WHAT IS EXPECTED
Write out the records that follow with every word intact.
RECORDED INFORMATION: Begin
(* Let $M$ be a $3$-connected matroid and let $C^*$ be a $4$-element cocircuit of $M$. If there are distinct elements $c',c''\in C^*$ such that neither $c'$ nor $c''$ is in a triangle of $M$, then $M/c$ is $3$-connected for some $c\in C^*$. *)

theory Defs
  imports Main
begin

definition matroid :: "'a set \<Rightarrow> ('a set \<Rightarrow> bool) \<Rightarrow> bool" where
  "matroid E indep \<longleftrightarrow>
     finite E \<and> indep {} \<and>
     (\<forall>I. indep I \<longrightarrow> I \<subseteq> E) \<and>
     (\<forall>I J. indep J \<and> I \<subseteq> J \<longrightarrow> indep I) \<and>
     (\<forall>I J. indep I \<and> indep J \<and> card I < card J \<longrightarrow> (\<exists>x \<in> J - I. indep (insert x I)))"

definition rk :: "('a set \<Rightarrow> bool) \<Rightarrow> 'a set \<Rightarrow> nat" where
  "rk indep X = Max {card I | I. I \<subseteq> X \<and> indep I}"

definition basis :: "'a set \<Rightarrow> ('a set \<Rightarrow> bool) \<Rightarrow> 'a set \<Rightarrow> bool" where
  "basis E indep B \<longleftrightarrow> indep B \<and> (\<forall>x \<in> E - B. \<not> indep (insert x B))"

definition circuit :: "'a set \<Rightarrow> ('a set \<Rightarrow> bool) \<Rightarrow> 'a set \<Rightarrow> bool" where
  "circuit E indep C \<longleftrightarrow> C \<subseteq> E \<and> \<not> indep C \<and> (\<forall>D. D \<subset> C \<longrightarrow> indep D)"

definition dual_indep :: "'a set \<Rightarrow> ('a set \<Rightarrow> bool) \<Rightarrow> 'a set \<Rightarrow> bool" where
  "dual_indep E indep I \<longleftrightarrow> I \<subseteq> E \<and> (\<exists>B. basis E indep B \<and> I \<inter> B = {})"

definition cocircuit :: "'a set \<Rightarrow> ('a set \<Rightarrow> bool) \<Rightarrow> 'a set \<Rightarrow> bool" where
  "cocircuit E indep C \<longleftrightarrow> circuit E (dual_indep E indep) C"

definition triangle :: "'a set \<Rightarrow> ('a set \<Rightarrow> bool) \<Rightarrow> 'a set \<Rightarrow> bool" where
  "triangle E indep T \<longleftrightarrow> circuit E indep T \<and> card T = 3"

definition in_triangle :: "'a set \<Rightarrow> ('a set \<Rightarrow> bool) \<Rightarrow> 'a \<Rightarrow> bool" where
  "in_triangle E indep e \<longleftrightarrow> (\<exists>T. triangle E indep T \<and> e \<in> T)"

text \<open>Contraction M/c (ground set E - {c}); if c is a loop, M/c = M\c.\<close>
definition contract_indep :: "('a set \<Rightarrow> bool) \<Rightarrow> 'a \<Rightarrow> 'a set \<Rightarrow> bool" where
  "contract_indep indep c I \<longleftrightarrow> c \<notin> I \<and>
     (if indep {c} then indep (insert c I) else indep I)"

definition separation :: "nat \<Rightarrow> 'a set \<Rightarrow> ('a set \<Rightarrow> bool) \<Rightarrow> 'a set \<Rightarrow> bool" where
  "separation k E indep X \<longleftrightarrow> X \<subseteq> E \<and> card X \<ge> k \<and> card (E - X) \<ge> k \<and>
     int (rk indep X) + int (rk indep (E - X)) - int (rk indep E) < int k"

definition n_connected :: "nat \<Rightarrow> 'a set \<Rightarrow> ('a set \<Rightarrow> bool) \<Rightarrow> bool" where
  "n_connected n E indep \<longleftrightarrow> (\<forall>k X. 1 \<le> k \<and> k < n \<longrightarrow> \<not> separation k E indep X)"

end

theory Submission imports Defs begin

text \<open>Suppose \<open>M/c1\<close> is not 3-connected. A 2-separation of \<open>M/c1\<close> is a vertical 3-separation
  \<open>(X, {c1}, Y)\<close> of \<open>M\<close> with \<open>c1\<close> spanned by both sides. No set avoiding \<open>C*\<close> spans \<open>c1\<close>, so
  both sides meet the three elements of \<open>C* - {c1}\<close>, and one side, say \<open>X\<close>, meets \<open>C*\<close> in a
  single element \<open>x\<close>, which is then not spanned by \<open>Y\<close>.

  If \<open>x\<close> is in no triangle, \<open>M/x\<close> is 3-connected: a vertical separation \<open>(P, {x}, Q)\<close> would
  cross \<open>(X, {c1}, Y)\<close>, and in every distribution of \<open>X - {x}\<close> and \<open>Y\<close> over \<open>P\<close> and \<open>Q\<close>
  either submodular uncrossing produces a 2-separation of \<open>M\<close>, or the absence of triangles
  through \<open>c1\<close> and \<open>x\<close> forces \<open>x\<close> into the closure of \<open>Y\<close> or \<open>r P\<close> to be too large.

  If \<open>x\<close> is in a triangle, the triangle meets \<open>C*\<close> in a second element \<open>w \<in> Y\<close>, and moving \<open>w\<close>
  into \<open>X\<close> gives a vertical separation at \<open>c1\<close> whose other side meets \<open>C*\<close> only in \<open>c2\<close>;
  the first case then applies to \<open>c2\<close>.\<close>

lemma rk_eqI:
  assumes "\<exists>I. I \<subseteq> X \<and> P I \<and> card I = n"
    and "\<And>I. I \<subseteq> X \<Longrightarrow> P I \<Longrightarrow> card I \<le> n"
  shows "rk P X = n"
proof -
  let ?S = "{card I | I. I \<subseteq> X \<and> P I}"
  have "finite ?S" by (rule finite_subset[of _ "{..n}"]) (auto intro: assms(2))
  moreover have "n \<in> ?S" using assms(1) by auto
  ultimately show ?thesis unfolding rk_def using assms(2) by (intro Max_eqI) auto
qed

lemma card_Int_split:
  assumes "finite S" "S \<subseteq> U \<union> V" "U \<inter> V = {}"
  shows "card S = card (S \<inter> U) + card (S \<inter> V)"
proof -
  have "card ((S \<inter> U) \<union> (S \<inter> V)) = card (S \<inter> U) + card (S \<inter> V)"
    using assms(1,3) by (intro card_Un_disjoint) auto
  moreover have "(S \<inter> U) \<union> (S \<inter> V) = S" using assms(2) by blast
  ultimately show ?thesis by simp
qed

locale finite_matroid =
  fixes E :: "'a set" and indep :: "'a set \<Rightarrow> bool"
  assumes matroid: "matroid E indep"
begin

abbreviation r where "r \<equiv> rk indep"

lemma finite_E: "finite E" using matroid unfolding matroid_def by auto
lemma indep_empty: "indep {}" using matroid unfolding matroid_def by auto
lemma indep_subset_E: "indep I \<Longrightarrow> I \<subseteq> E" using matroid unfolding matroid_def by auto
lemma indep_subset: "indep J \<Longrightarrow> I \<subseteq> J \<Longrightarrow> indep I" using matroid unfolding matroid_def by blast
lemma indep_augment: "indep I \<Longrightarrow> indep J \<Longrightarrow> card I < card J \<Longrightarrow> \<exists>x\<in>J - I. indep (insert x I)"
  using matroid unfolding matroid_def by auto
lemma indep_finite: "indep I \<Longrightarrow> finite I" using indep_subset_E finite_E finite_subset by blast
RECORDED INFORMATION: End
OUTPUT FOR THIS TASK
(* Let $M$ be a $3$-connected matroid and let $C^*$ be a $4$-element cocircuit of $M$. If there are distinct elements $c',c''\in C^*$ such that neither $c'$ nor $c''$ is in a triangle of $M$, then $M/c$ is $3$-connected for some $c\in C^*$. *)

theory Defs
  imports Main
begin

definition matroid :: "'a set \<Rightarrow> ('a set \<Rightarrow> bool) \<Rightarrow> bool" where
  "matroid E indep \<longleftrightarrow>
     finite E \<and> indep {} \<and>
     (\<forall>I. indep I \<longrightarrow> I \<subseteq> E) \<and>
     (\<forall>I J. indep J \<and> I \<subseteq> J \<longrightarrow> indep I) \<and>
     (\<forall>I J. indep I \<and> indep J \<and> card I < card J \<longrightarrow> (\<exists>x \<in> J - I. indep (insert x I)))"

definition rk :: "('a set \<Rightarrow> bool) \<Rightarrow> 'a set \<Rightarrow> nat" where
  "rk indep X = Max {card I | I. I \<subseteq> X \<and> indep I}"

definition basis :: "'a set \<Rightarrow> ('a set \<Rightarrow> bool) \<Rightarrow> 'a set \<Rightarrow> bool" where
  "basis E indep B \<longleftrightarrow> indep B \<and> (\<forall>x \<in> E - B. \<not> indep (insert x B))"

definition circuit :: "'a set \<Rightarrow> ('a set \<Rightarrow> bool) \<Rightarrow> 'a set \<Rightarrow> bool" where
  "circuit E indep C \<longleftrightarrow> C \<subseteq> E \<and> \<not> indep C \<and> (\<forall>D. D \<subset> C \<longrightarrow> indep D)"

definition dual_indep :: "'a set \<Rightarrow> ('a set \<Rightarrow> bool) \<Rightarrow> 'a set \<Rightarrow> bool" where
  "dual_indep E indep I \<longleftrightarrow> I \<subseteq> E \<and> (\<exists>B. basis E indep B \<and> I \<inter> B = {})"

definition cocircuit :: "'a set \<Rightarrow> ('a set \<Rightarrow> bool) \<Rightarrow> 'a set \<Rightarrow> bool" where
  "cocircuit E indep C \<longleftrightarrow> circuit E (dual_indep E indep) C"

definition triangle :: "'a set \<Rightarrow> ('a set \<Rightarrow> bool) \<Rightarrow> 'a set \<Rightarrow> bool" where
  "triangle E indep T \<longleftrightarrow> circuit E indep T \<and> card T = 3"

definition in_triangle :: "'a set \<Rightarrow> ('a set \<Rightarrow> bool) \<Rightarrow> 'a \<Rightarrow> bool" where
  "in_triangle E indep e \<longleftrightarrow> (\<exists>T. triangle E indep T \<and> e \<in> T)"

text \<open>Contraction M/c (ground set E - {c}); if c is a loop, M/c = M\c.\<close>
definition contract_indep :: "('a set \<Rightarrow> bool) \<Rightarrow> 'a \<Rightarrow> 'a set \<Rightarrow> bool" where
  "contract_indep indep c I \<longleftrightarrow> c \<notin> I \<and>
     (if indep {c} then indep (insert c I) else indep I)"

definition separation :: "nat \<Rightarrow> 'a set \<Rightarrow> ('a set \<Rightarrow> bool) \<Rightarrow> 'a set \<Rightarrow> bool" where
  "separation k E indep X \<longleftrightarrow> X \<subseteq> E \<and> card X \<ge> k \<and> card (E - X) \<ge> k \<and>
     int (rk indep X) + int (rk indep (E - X)) - int (rk indep E) < int k"

definition n_connected :: "nat \<Rightarrow> 'a set \<Rightarrow> ('a set \<Rightarrow> bool) \<Rightarrow> bool" where
  "n_connected n E indep \<longleftrightarrow> (\<forall>k X. 1 \<le> k \<and> k < n \<longrightarrow> \<not> separation k E indep X)"

end

theory Submission imports Defs begin

text \<open>Suppose \<open>M/c1\<close> is not 3-connected. A 2-separation of \<open>M/c1\<close> is a vertical 3-separation
  \<open>(X, {c1}, Y)\<close> of \<open>M\<close> with \<open>c1\<close> spanned by both sides. No set avoiding \<open>C*\<close> spans \<open>c1\<close>, so
  both sides meet the three elements of \<open>C* - {c1}\<close>, and one side, say \<open>X\<close>, meets \<open>C*\<close> in a
  single element \<open>x\<close>, which is then not spanned by \<open>Y\<close>.

  If \<open>x\<close> is in no triangle, \<open>M/x\<close> is 3-connected: a vertical separation \<open>(P, {x}, Q)\<close> would
  cross \<open>(X, {c1}, Y)\<close>, and in every distribution of \<open>X - {x}\<close> and \<open>Y\<close> over \<open>P\<close> and \<open>Q\<close>
  either submodular uncrossing produces a 2-separation of \<open>M\<close>, or the absence of triangles
  through \<open>c1\<close> and \<open>x\<close> forces \<open>x\<close> into the closure of \<open>Y\<close> or \<open>r P\<close> to be too large.

  If \<open>x\<close> is in a triangle, the triangle meets \<open>C*\<close> in a second element \<open>w \<in> Y\<close>, and moving \<open>w\<close>
  into \<open>X\<close> gives a vertical separation at \<open>c1\<close> whose other side meets \<open>C*\<close> only in \<open>c2\<close>;
  the first case then applies to \<open>c2\<close>.\<close>

lemma rk_eqI:
  assumes "\<exists>I. I \<subseteq> X \<and> P I \<and> card I = n"
    and "\<And>I. I \<subseteq> X \<Longrightarrow> P I \<Longrightarrow> card I \<le> n"
  shows "rk P X = n"
proof -
  let ?S = "{card I | I. I \<subseteq> X \<and> P I}"
  have "finite ?S" by (rule finite_subset[of _ "{..n}"]) (auto intro: assms(2))
  moreover have "n \<in> ?S" using assms(1) by auto
  ultimately show ?thesis unfolding rk_def using assms(2) by (intro Max_eqI) auto
qed

lemma card_Int_split:
  assumes "finite S" "S \<subseteq> U \<union> V" "U \<inter> V = {}"
  shows "card S = card (S \<inter> U) + card (S \<inter> V)"
proof -
  have "card ((S \<inter> U) \<union> (S \<inter> V)) = card (S \<inter> U) + card (S \<inter> V)"
    using assms(1,3) by (intro card_Un_disjoint) auto
  moreover have "(S \<inter> U) \<union> (S \<inter> V) = S" using assms(2) by blast
  ultimately show ?thesis by simp
qed

locale finite_matroid =
  fixes E :: "'a set" and indep :: "'a set \<Rightarrow> bool"
  assumes matroid: "matroid E indep"
begin

abbreviation r where "r \<equiv> rk indep"

lemma finite_E: "finite E" using matroid unfolding matroid_def by auto
lemma indep_empty: "indep {}" using matroid unfolding matroid_def by auto
lemma indep_subset_E: "indep I \<Longrightarrow> I \<subseteq> E" using matroid unfolding matroid_def by auto
lemma indep_subset: "indep J \<Longrightarrow> I \<subseteq> J \<Longrightarrow> indep I" using matroid unfolding matroid_def by blast
lemma indep_augment: "indep I \<Longrightarrow> indep J \<Longrightarrow> card I < card J \<Longrightarrow> \<exists>x\<in>J - I. indep (insert x I)"
  using matroid unfolding matroid_def by auto
lemma indep_finite: "indep I \<Longrightarrow> finite I" using indep_subset_E finite_E finite_subset by blast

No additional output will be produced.